ゴリゴリのいい曲を聴くことができそうだぞという予感は、約2ヶ月後の2019年12月18日に見事的中することとなる。
気鋭の若手を起用
「紅一点」
なんと美しい言葉だろう。
古くは、レベッカ。そしてJUDY AND MARYへと受け継がれていく「女性ボーカルバンド」の系譜は、2000年代に入っても、HIGH and MIGHTY COLORや陰陽座、(バンドの括りか分からないが)日本音楽界のど真ん中で活躍するいきものがかりへと続いている。
むさ苦しい野郎どもを従えて、観客の視線を最前線で受け止めるその凛とした姿は、高貴さまで感じると同時に最高にかっこいい。
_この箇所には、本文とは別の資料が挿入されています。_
text \<open>Write A_i = N(u_1, ..., u_i), so that V = A_0 \<supseteq> A_1 \<supseteq> ... \<supseteq> A_(r-1), and
  d_i = d(u_(i+1)). Every vertex of A_i has degree at most d_i, and the layer A_i - A_(i+1)
  avoids the neighbourhood of u_(i+1), so it has at most n - d_i vertices. Splitting V into
  these layers bounds the sum of squared degrees by a weighted sum of the d_i^2 whose weights
  sum to n. Given the hypothesis on the sum of the d_i, this weighted sum is at most
  n^3 ((r-1)/r)^2: after normalising by n and moving surplus weight of the last layer onto the
  earlier ones, each term is at most x(1-x)^2, which lies below its tangent line at x = 1/r.
  So the quadratic mean degree is at most n(r-1)/r, which rearranges to the claim.\<close>

lemma cubic_le_tangent:
  fixes x r :: real
  assumes "0 \<le> x" "x \<le> 1" "r \<ge> 2"
  shows "x * (1 - x)^2 \<le> (1/r) * (1 - 1/r)^2 + (1 - 1/r) * (1 - 3/r) * (x - 1/r)"
proof -
  define a where "a = 1/r"
  have a: "0 < a" "a \<le> 1/2" using assms(3) by (auto simp: a_def field_simps)
  have "a * (1 - a)^2 + (1 - a) * (1 - 3*a) * (x - a) - x * (1 - x)^2
      = - ((x - a)^2 * (x - 2 * (1 - a)))"
    by (simp add: power2_eq_square algebra_simps)
  moreover have "(x - a)^2 * (x - 2 * (1 - a)) \<le> 0"
    using a assms by (intro mult_nonneg_nonpos) auto
  ultimately show ?thesis by (simp add: a_def)
qed

lemma weighted_squares_le_bounded:
  fixes x s :: "nat \<Rightarrow> real" and xl sl :: real and R :: nat
  assumes "R \<ge> 1"
    and xs: "\<forall>i<R. 0 \<le> x i \<and> 0 \<le> s i \<and> x i \<le> 1 - s i"
    and l: "0 \<le> xl" "0 \<le> sl" "xl \<le> 1 - sl"
    and sum_x: "(\<Sum>i<R. x i) + xl = 1"
  shows "(\<Sum>i<R. x i * (s i)^2) + xl * sl^2 \<le> (real R / (real R + 1))^2"
proof -
  define r where "r = real R + 1"
  have r: "r \<ge> 2" using assms(1) by (simp add: r_def)
  define K where "K = (1/r) * (1 - 1/r)^2"
  define M where "M = (1 - 1/r) * (1 - 3/r)"
  have term_le: "y * t^2 \<le> K + M * (y - 1/r)" if "0 \<le> y" "0 \<le> t" "y \<le> 1 - t" for y t
  proof -
    have "y * t^2 \<le> y * (1 - y)^2"
      using that by (intro mult_left_mono power_mono) auto
    also have "\<dots> \<le> K + M * (y - 1/r)"
      using cubic_le_tangent[OF _ _ r, of y] that by (simp add: K_def M_def)
    finally show ?thesis .
  qed
  have sum_lin: "(\<Sum>i<R. K + M * (x i - 1/r)) = real R * (K - M/r) + M * (\<Sum>i<R. x i)"
    by (simp add: sum.distrib sum_subtractf sum_distrib_left algebra_simps)
  have "(\<Sum>i<R. x i * (s i)^2) + xl * sl^2 \<le> (\<Sum>i<R. K + M * (x i - 1/r)) + (K + M * (xl - 1/r))"
    using xs l by (intro add_mono sum_mono term_le) auto
  also have "\<dots> = r * (K - M/r) + M * ((\<Sum>i<R. x i) + xl)"
    unfolding sum_lin by (simp add: r_def algebra_simps add_divide_distrib)
  also have "\<dots> = r * K"
    using r by (simp add: sum_x right_diff_distrib)
  also have "\<dots> = (1 - 1/r)^2"
    using r by (simp add: K_def)
  also have "1 - 1/r = real R / (real R + 1)"
    by (simp add: r_def field_simps)
  finally show ?thesis .
qed
lemma stair_down_step: "stair Q (2 * k + 1) - stair Q (2 * k) = - delta"
  unfolding stair_def by (simp add: algebra_simps)

lemma stair_up_step: "stair Q (2 * k + 2) - stair Q (2 * k + 1) \<in> {0, 1}"
proof -
  define x where "x = delta * real k + 1 - rho Q"
  have "stair_height Q (k + 1) = \<lfloor>x + delta\<rfloor>" "stair_height Q k = \<lfloor>x\<rfloor>"
    unfolding stair_height_def x_def by (simp_all add: algebra_simps)
  moreover have "\<lfloor>x\<rfloor> \<le> \<lfloor>x + delta\<rfloor>" "\<lfloor>x + delta\<rfloor> \<le> \<lfloor>x\<rfloor> + 1"
    using delta_bounds by (auto intro: floor_mono) linarith
  moreover have "(2 * k + 2) div 2 = k + 1" "(2 * k + 1) div 2 = k"
    "(2 * k + 2 + 1) div 2 = k + 1" "(2 * k + 1 + 1) div 2 = k + 1" by auto
  ultimately show ?thesis unfolding stair_def by auto
qed

lemma stair_start: "0 < rho Q \<Longrightarrow> stair Q 0 = 0"
  using rho_lt_1[of Q] unfolding stair_def stair_height_def by simp linarith

lemma stair_end: "stair Q (2 * Q) = 1 - rho Q"
proof -
  have "delta * real Q + 1 - rho Q = of_int (\<lfloor>delta * real Q\<rfloor> + 1)"
    unfolding rho_def frac_def by simp
  then have "stair_height Q Q = \<lfloor>delta * real Q\<rfloor> + 1"
    unfolding stair_height_def by (metis floor_of_int)
  then show ?thesis unfolding stair_def rho_def frac_def by simp
qed

definition path_len :: "nat \<Rightarrow> nat" where
  "path_len Q = 4 * Q + 2"

definition path_weight :: "nat \<Rightarrow> nat \<Rightarrow> real" where
  "path_weight Q i =
     (if odd i then 2 * a_const - 1
      else if i = 0 then 2 * a_const
      else 2 * a_const - 1 + stair Q (i div 2) - stair Q (i div 2 - 1))"

lemma path_weight_values: "path_weight Q i \<in> {a_const, 2 * a_const, 2 * a_const - 1}"
proof (cases "odd i \<or> i = 0")
  case True
  then show ?thesis unfolding path_weight_def by auto
next
  case False
  then have "\<exists>k. i = 4 * k + 2 \<or> i = 4 * k + 4" by presburger
  then obtain k where "i = 4 * k + 2 \<or> i = 4 * k + 4" by blast
  moreover have "path_weight Q (4 * k + 2) = a_const"
    using stair_down_step[of Q k] unfolding path_weight_def delta_def by simp
  moreover have "path_weight Q (4 * k + 4) \<in> {2 * a_const, 2 * a_const - 1}"
  proof -
    have "(4 * k + 4) div 2 = 2 * k + 2" "(4 * k + 4) div 2 - 1 = 2 * k + 1" by simp_all
    then show ?thesis using stair_up_step[of Q k] unfolding path_weight_def by auto
  qed
  ultimately show ?thesis by auto
qed

lemma potential_cover_eq:
  fixes f y :: "nat \<Rightarrow> real"
  assumes "finite I" "\<forall>i\<in>I. Suc i \<notin> I" "\<forall>i\<in>I. f i = y i + y (Suc i)"
  shows "sum f I = sum y (I \<union> Suc ` I)"
proof -
  have "sum f I = sum y I + sum (y \<circ> Suc) I" using assms(3) by (simp add: sum.distrib)
  also have "sum (y \<circ> Suc) I = sum y (Suc ` I)" by (simp add: sum.reindex)
  also have "sum y I + sum y (Suc ` I) = sum y (I \<union> Suc ` I)"
    using assms(1,2) by (intro sum.union_disjoint[symmetric]) auto
  finally show ?thesis .
qed

lemma potential_cover_le:
  fixes f y :: "nat \<Rightarrow> real"
  assumes "finite I" "\<forall>i\<in>I. Suc i \<notin> I" "\<forall>i\<in>I. f i = y i + y (Suc i)"
    and "I \<union> Suc ` I \<subseteq> V" "finite V" "\<forall>v\<in>V. 0 \<le> y v"
  shows "sum f I \<le> sum y V"
  using potential_cover_eq[OF assms(1-3)] sum_mono2[OF assms(5,4)] assms(6) by auto

text \<open>Two potentials on the vertices 0, ..., path_len Q of the path: the first is tight on
  every edge i >= 1 and certifies optimality of the odd edges among packings avoiding
  the hub edge 0, the second is tight on every edge i >= 2 and vanishes at the last vertex.\<close>

definition odd_potential :: "nat \<Rightarrow> nat \<Rightarrow> real" where
  "odd_potential Q v =
     (if odd v then stair Q ((v - 1) div 2) + rho Q + delta
      else 2 * a_const - 1 - (stair Q ((v - 2) div 2) + rho Q + delta))"

definition even_potential :: "nat \<Rightarrow> nat \<Rightarrow> real" where
  "even_potential Q v =
     (if even v then stair Q (2 * Q) - stair Q (v div 2 - 1)
      else 2 * a_const - 1 + stair Q ((v - 1) div 2) - stair Q (2 * Q))"

lemma odd_potential_tight:
  assumes "1 \<le> i"
  shows "path_weight Q i = odd_potential Q i + odd_potential Q (Suc i)"
proof -
  have "(\<exists>c. i = 2 * c + 2) \<or> (\<exists>c. i = 2 * c + 1)" using assms by presburger
  then show ?thesis unfolding path_weight_def odd_potential_def by (auto simp: algebra_simps)
qed

lemma odd_potential_nonneg: "1 \<le> v \<Longrightarrow> 0 \<le> odd_potential Q v"
  using stair_bounds[of Q] delta_bounds unfolding odd_potential_def delta_def
  by (smt (verit))

lemma even_potential_tight: "2 \<le> i \<Longrightarrow> path_weight Q i = even_potential Q i + even_potential Q (Suc i)"
  unfolding path_weight_def even_potential_def
  by (cases "even i") (auto elim!: evenE oddE simp: algebra_simps)

lemma even_potential_nonneg: "0 \<le> even_potential Q v"
  using stair_bounds[of Q] stair_end[of Q] delta_bounds unfolding even_potential_def delta_def
  by (smt (verit))

lemma even_potential_last: "even_potential Q (path_len Q) = 0"
  unfolding even_potential_def path_len_def by simp

definition odd_idx :: "nat \<Rightarrow> nat set" where
  "odd_idx Q = {i. i < path_len Q \<and> odd i}"

definition even_idx :: "nat \<Rightarrow> nat set" where
  "even_idx Q = {i. i < path_len Q \<and> even i}"

lemma finite_odd_idx: "finite (odd_idx Q)" and finite_even_idx: "finite (even_idx Q)"
  unfolding odd_idx_def even_idx_def by auto

lemma odd_idx_cover: "odd_idx Q \<union> Suc ` odd_idx Q = {1..path_len Q}"
proof (intro set_eqI iffI)
  fix x assume "x \<in> {1..path_len Q}"
  then have "(odd x \<and> x < path_len Q) \<or> (x - 1 \<in> odd_idx Q \<and> x = Suc (x - 1))"
    unfolding odd_idx_def path_len_def mem_Collect_eq atLeastAtMost_iff by presburger
  then show "x \<in> odd_idx Q \<union> Suc ` odd_idx Q" unfolding odd_idx_def by blast
qed (auto simp: odd_idx_def path_len_def Suc_le_eq odd_pos)

lemma even_idx_cover: "(even_idx Q - {0}) \<union> Suc ` (even_idx Q - {0}) = {2..<path_len Q}"
proof (intro set_eqI iffI)
  fix x assume "x \<in> {2..<path_len Q}"
  then have "(even x \<and> x \<noteq> 0 \<and> x < path_len Q) \<or> (x - 1 \<in> even_idx Q - {0} \<and> x = Suc (x - 1))"
    unfolding even_idx_def path_len_def by auto
  then show "x \<in> (even_idx Q - {0}) \<union> Suc ` (even_idx Q - {0})" unfolding even_idx_def by blast
next
  fix x assume "x \<in> (even_idx Q - {0}) \<union> Suc ` (even_idx Q - {0})"
  then show "x \<in> {2..<path_len Q}" unfolding even_idx_def path_len_def by (auto; presburger)
qed

lemma packing_bound_without_hub:
  assumes "I \<subseteq> {1..<path_len Q}" "\<forall>i\<in>I. Suc i \<notin> I"
  shows "sum (path_weight Q) I \<le> sum (path_weight Q) (odd_idx Q)"
proof -
  have "sum (path_weight Q) I \<le> sum (odd_potential Q) {1..path_len Q}"
    using assms finite_subset[OF assms(1)]
    by (intro potential_cover_le) (auto intro!: odd_potential_tight odd_potential_nonneg)
  also have "\<dots> = sum (path_weight Q) (odd_idx Q)"
    unfolding odd_idx_cover[symmetric]
    by (rule potential_cover_eq[symmetric])
       (auto simp: odd_idx_def Suc_le_eq odd_pos intro!: odd_potential_tight)
  finally show ?thesis .
qed

lemma packing_bound_with_hub:
  assumes "I \<subseteq> {..<path_len Q}" "0 \<in> I" "\<forall>i\<in>I. Suc i \<notin> I"
  shows "sum (path_weight Q) I \<le> sum (path_weight Q) (even_idx Q)"
proof -
  have "1 \<notin> I" using assms(2,3) by force
  have I: "I - {0} \<subseteq> {2..<path_len Q}"
  proof
    fix x assume x: "x \<in> I - {0}"
    then have "x \<noteq> 1" "x < path_len Q" using \<open>1 \<notin> I\<close> assms(1) by auto
    then show "x \<in> {2..<path_len Q}" using x by auto
  qed
  have "sum (path_weight Q) (I - {0}) \<le> sum (even_potential Q) {2..path_len Q}"
    using assms I finite_subset[OF assms(1)] by (intro potential_cover_le) (auto intro!: even_potential_tight even_potential_nonneg)
  also have "\<dots> = sum (even_potential Q) {2..<path_len Q}"
    using even_potential_last[of Q] by (simp add: path_len_def atLeastLessThanSuc_atLeastAtMost[symmetric])
  also have "\<dots> = sum (path_weight Q) (even_idx Q - {0})"
    unfolding even_idx_cover[symmetric]
    by (rule potential_cover_eq[symmetric])
       (auto simp: even_idx_def finite_even_idx intro!: even_potential_tight elim!: evenE)
  finally have "sum (path_weight Q) (I - {0}) \<le> sum (path_weight Q) (even_idx Q - {0})" .
  moreover have "0 \<in> even_idx Q" unfolding even_idx_def path_len_def by simp
  ultimately show ?thesis
    using assms(2) finite_subset[OF assms(1)] finite_even_idx by (simp add: sum.remove)
qed

(* the even packing beats the odd one by exactly 2 - rho Q: the stair telescopes *)
lemma even_minus_odd:
  assumes "0 < rho Q"
  shows "sum (path_weight Q) (even_idx Q) - sum (path_weight Q) (odd_idx Q) = 2 - rho Q"
proof -
  let ?w = "path_weight Q"
  have ev: "even_idx Q = (\<lambda>j. 2 * j) ` {..<2 * Q + 1}"
    unfolding even_idx_def path_len_def by (auto elim!: evenE)
  have od: "odd_idx Q = (\<lambda>j. 2 * j + 1) ` {..<2 * Q + 1}"
    unfolding odd_idx_def path_len_def by (auto elim!: oddE)
  have "sum ?w (even_idx Q) - sum ?w (odd_idx Q) = (\<Sum>j<2 * Q + 1. ?w (2 * j) - ?w (2 * j + 1))"
    unfolding ev od by (simp add: sum.reindex inj_on_def sum_subtractf)
  also have "\<dots> = (?w 0 - ?w 1) + (\<Sum>j<2 * Q. ?w (2 * Suc j) - ?w (2 * Suc j + 1))"
    unfolding Suc_eq_plus1[symmetric] sum.lessThan_Suc_shift by simp
  also have "(\<Sum>j<2 * Q. ?w (2 * Suc j) - ?w (2 * Suc j + 1)) = (\<Sum>j<2 * Q. stair Q (Suc j) - stair Q j)"
    by (intro sum.cong) (auto simp: path_weight_def)
  also have "\<dots> = stair Q (2 * Q) - stair Q 0" by (rule sum_lessThan_telescope)
  also have "?w 0 - ?w 1 = 1" unfolding path_weight_def by simp
  finally show ?thesis using stair_end[of Q] stair_start[OF assms] by simp
qed

text \<open>The graph: a hub vertex 0 and, for every Q with rho Q > 0, a path of path_len Q edges
  starting at the hub; the i-th vertex of path Q (i > 0) is a private code of (Q, i).\<close>

definition vert :: "nat \<Rightarrow> nat \<Rightarrow> nat" where
  "vert Q i = (if i = 0 then 0 else Suc (prod_encode (Q, i)))"

definition edge :: "nat \<Rightarrow> nat \<Rightarrow> nat set" where
  "edge Q i = {vert Q i, vert Q (Suc i)}"

definition paths :: "nat set" where
  "paths = {Q. 0 < rho Q}"

definition path_edges :: "nat \<Rightarrow> nat set set" where
  "path_edges Q = edge Q ` {..<path_len Q}"

definition G_edges :: "nat set set" where
  "G_edges = (\<Union>Q\<in>paths. path_edges Q)"

definition G_weight :: "nat set \<Rightarrow> real" where
  "G_weight e = (THE x. \<exists>Q i. e = edge Q i \<and> x = path_weight Q i)"

lemma vert_hub [simp]: "vert Q 0 = 0"
  unfolding vert_def by simp

lemma vert_eq_iff: "vert Q i = vert Q' i' \<longleftrightarrow> (i = 0 \<and> i' = 0) \<or> (Q = Q' \<and> i = i')"
  unfolding vert_def using inj_prod_encode[unfolded inj_def] by auto

lemma edge_inj:
  assumes "edge Q i = edge Q' i'"
  shows "Q = Q' \<and> i = i'"
proof -
  have "vert Q (Suc i) = vert Q' i' \<or> vert Q (Suc i) = vert Q' (Suc i')"
    using assms unfolding edge_def by (metis insert_iff doubleton_eq_iff)
  then show ?thesis
    using assms unfolding edge_def doubleton_eq_iff vert_eq_iff by auto
qed

lemma G_weight_edge: "G_weight (edge Q i) = path_weight Q i"
  unfolding G_weight_def by (rule the_equality) (auto dest: edge_inj)

lemma hub_in_edge: "0 \<in> edge Q i \<longleftrightarrow> i = 0"
  unfolding edge_def vert_def by auto

lemma edges_of_different_paths: "Q \<noteq> Q' \<Longrightarrow> edge Q i \<inter> edge Q' j \<subseteq> {0}"
  unfolding edge_def by (auto simp: vert_eq_iff)

lemma edges_avoiding_hub_of_different_paths:
  assumes "Q \<noteq> Q'" "0 \<notin> I" "e \<in> edge Q ` I" "f \<in> edge Q' ` J"
  shows "e \<inter> f = {}"
proof -
  obtain i j where "i \<in> I" "e = edge Q i" "f = edge Q' j" using assms(3,4) by blast
  moreover have "0 \<notin> edge Q i" using assms(2) \<open>i \<in> I\<close> hub_in_edge by metis
  ultimately show ?thesis using edges_of_different_paths[OF assms(1), of i j] by blast
qed

lemma edges_of_same_path: "i \<noteq> j \<Longrightarrow> Suc i \<noteq> j \<Longrightarrow> Suc j \<noteq> i \<Longrightarrow> edge Q i \<inter> edge Q j = {}"
  unfolding edge_def by (auto simp: vert_eq_iff)

lemma hub_edges: "e \<in> G_edges \<Longrightarrow> 0 \<in> e \<Longrightarrow> \<exists>Q\<in>paths. e = edge Q 0"
  unfolding G_edges_def path_edges_def by (auto simp: hub_in_edge)

lemma G_simple: "simple_graph G_edges"
  proof -
  have "vert Q i \<noteq> vert Q (Suc i)" for Q i by (simp add: vert_eq_iff)
  then show ?thesis unfolding simple_graph_def G_edges_def path_edges_def edge_def by blast
qed

lemma G_weight_values: "\<forall>e\<in>G_edges. G_weight e \<in> {a_const, 2 * a_const, 2 * a_const - 1}"
  unfolding G_edges_def path_edges_def using G_weight_edge path_weight_values by auto

lemma finite_path_edges: "finite (path_edges Q)"
  unfolding path_edges_def by simp

lemma sum_G_weight_edges: "sum G_weight (edge Q ` I) = sum (path_weight Q) I"
  using edge_inj by (subst sum.reindex) (auto simp: inj_on_def G_weight_edge)

lemma sum_G_weight_two_paths:
  assumes "Q \<noteq> Q'"
  shows "sum G_weight (M \<inter> (path_edges Q \<union> path_edges Q'))
       = sum G_weight (M \<inter> path_edges Q) + sum G_weight (M \<inter> path_edges Q')"
proof -
  have "path_edges Q \<inter> path_edges Q' = {}"
    using assms unfolding path_edges_def by (auto dest: edge_inj)
  then show ?thesis unfolding Int_Un_distrib
    by (intro sum.union_disjoint) (use finite_path_edges in auto)
qed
男女のコントラストによる画としての美しさ、強さも女性ボーカルバンドならではの魅力だ。
そして、時代は令和へ。現代の女性ボーカルバンドの急先鋒と言えば、2015年結成のポルカドットスティングレイだろう。
もうポルカッティングスティングレイに改名しては?って感じのこれでもかというカッティングギターと、時に少女のように甘く、時にナイフのように鋭い、曲に合わせて色を変えるボーカルが特徴的なロックバンドだ。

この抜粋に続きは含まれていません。